The first step in infection of a cell is attachment to the cell surface. Attachment is via ionic interactions which are temperature-independent. The viral attachment protein recognizes specific receptors, which may be protein, carbohydrate or lipid, on the outside of the cell. Cells without the appropriate receptors are not susceptible to the virus.

The virus enters the cell in a variety of ways according to the nature of the virus.

Enveloped viruses

Entry by fusing with the plasma membrane
ome enveloped viruses fuse directly with the plasma membrane. Thus, the internal components of the virion are immediately delivered to the cytoplasm of the cell (figure 1).

Entry via endosomes at the cell surface (figure 2)
Some enveloped viruses require an acid pH for fusion to occur and are unable to fuse directly with the plasma membrane. These viruses are taken up by invagination of the membrane into endosomes.
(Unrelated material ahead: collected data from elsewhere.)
lemma measure_UN_shading_ge_typical_angle:
  assumes "1 \<le> A" "1 \<le> C" "0 < \<delta>" "\<delta> \<le> \<theta>" "\<theta> \<le> 1" "slab A \<theta> St n0" "finite I"
    and slabs: "\<And>i. i \<in> I \<Longrightarrow> slab A \<delta> (Sl i) (nrm i)"
    and shading: "\<And>i. i \<in> I \<Longrightarrow> Y i \<subseteq> Sl i" "\<And>i. i \<in> I \<Longrightarrow> Y i \<in> sets lebesgue"
    and ratio: "\<delta> powr \<eta> \<le> (\<Sum>i\<in>I. measure lebesgue (Y i)) / (\<Sum>i\<in>I. measure lebesgue (Sl i))"
    and typical: "1 / C * (1 + ln (1 / \<delta>)) powr - C * tri_measure lebesgue Y (I \<times> I)
                    \<le> tri_measure lebesgue Y (pairs_at_angle A \<theta> nrm I)"
  shows "1 / (3 * C * A ^ 13) * (1 + ln (1 / \<delta>)) powr - (3 * C * A ^ 13) * \<delta> powr (2 * \<eta>)
           * measure lebesgue St \<le> measure lebesgue (\<Union>i\<in>I. Y i)"
proof -
  define L where "L = 1 + ln (1 / \<delta>)"
  define D where "D = \<delta> powr \<eta>"
  have "0 < D"
    using \<open>0 < \<delta>\<close> by (simp add: D_def)
  have "0 < (\<Sum>i\<in>I. measure lebesgue (Sl i))"
    using ratio \<open>0 < D\<close> sum_nonneg[of I "\<lambda>i. measure lebesgue (Sl i)"]
    by (cases "(\<Sum>i\<in>I. measure lebesgue (Sl i)) = 0") (auto simp: D_def)
  then have "I \<noteq> {}"
    and density: "D * (\<Sum>i\<in>I. measure lebesgue (Sl i)) \<le> (\<Sum>i\<in>I. measure lebesgue (Y i))"
    using ratio by (auto simp: D_def pos_le_divide_eq mult.commute)
  have "1 \<le> L"
    using \<open>0 < \<delta>\<close> \<open>\<delta> \<le> \<theta>\<close> \<open>\<theta> \<le> 1\<close> by (simp add: L_def)
  have "0 < C * L powr C"
    using \<open>1 \<le> L\<close> assms(2) by simp
  then have "tri_measure lebesgue Y (I \<times> I)
              \<le> C * L powr C * tri_measure lebesgue Y (pairs_at_angle A \<theta> nrm I)"
    using typical assms(2) by (simp add: L_def powr_minus pos_divide_le_eq field_simps)
  then have core:
    "D\<^sup>2 * measure lebesgue St \<le> 3 * (C * L powr C) * A ^ 13 * measure lebesgue (\<Union>i\<in>I. Y i)"
    using measure_UN_shading_ge[OF \<open>finite I\<close> \<open>I \<noteq> {}\<close> assms(1,3-6) slabs shading _ density]
      \<open>0 < D\<close> \<open>0 < C * L powr C\<close>
    by simp
  have "1 \<le> 3 * A ^ 13"
    using one_le_power[OF assms(1), of 13] by linarith
  then have "C \<le> 3 * C * A ^ 13"
    using mult_left_mono[of 1 "3 * A ^ 13" C] assms(2) by (simp add: mult_ac)
  then have "1 / (3 * C * A ^ 13) * L powr - (3 * C * A ^ 13) * (D\<^sup>2 * measure lebesgue St)
               \<le> 1 / (3 * C * A ^ 13 * L powr C) * (D\<^sup>2 * measure lebesgue St)"
    using \<open>1 \<le> L\<close> assms(2) by (intro mult_right_mono inverse_mult_powr_neg_le) auto
  also have "\<dots> = D\<^sup>2 * measure lebesgue St / (3 * (C * L powr C) * A ^ 13)"
    by (simp add: mult_ac)
  also have "\<dots> \<le> measure lebesgue (\<Union>i\<in>I. Y i)"
  proof -
    have "0 < 3 * (C * L powr C) * A ^ 13"
      using \<open>0 < C * L powr C\<close> assms(1) by simp
    then show ?thesis
      using core by (subst pos_divide_le_eq) (simp_all add: mult_ac)
  qed
  finally show ?thesis
    by (simp add: L_def D_def power2_eq_square mult_ac flip: powr_add)
qed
As the endosomes become acidified, the latent fusion activity of the virus proteins becomes activated by the fall in pH and the virion membrane fuses with the endosome membrane. This results in delivery of the internal components of the virus to the cytoplasm of the cell 

Non-enveloped viruses

Non-enveloped viruses may cross the plasma membrane directly or may be taken up into endosomes. They then cross (or destroy) the endosomal membrane.

Nucleic acid has to be sufficiently uncoated that virus replication can begin at this stage. When the nucleic acid is uncoated, infectious virus particles cannot  be recovered  from the cell - this is the start of the ECLIPSE phase - which lasts until new infectious virions are made.

Synthesis of viral nucleic acid and protein
Many strategies are used, some will be discussed in later chapters.

New virus particles are assembled. There may be a maturation step that follows the initial assembly process.

Virus may be released due to cell lysis, or, if enveloped, may bud from the cell. Budding viruses (figures 3 and 4) do not necessarily kill the cell. Thus, some budding viruses may be able to set up persistent infections. Not all released viral particles are infectious. The ratio of non-infectious to infectious particles varies with the virus and the growth conditions.



All proteins in a mature virus particle are said to be structural proteins - even if they make no contribution to the morphology or rigidity of the virion - non-structural proteins are those viral proteins found in the cell but not packaged into the virion.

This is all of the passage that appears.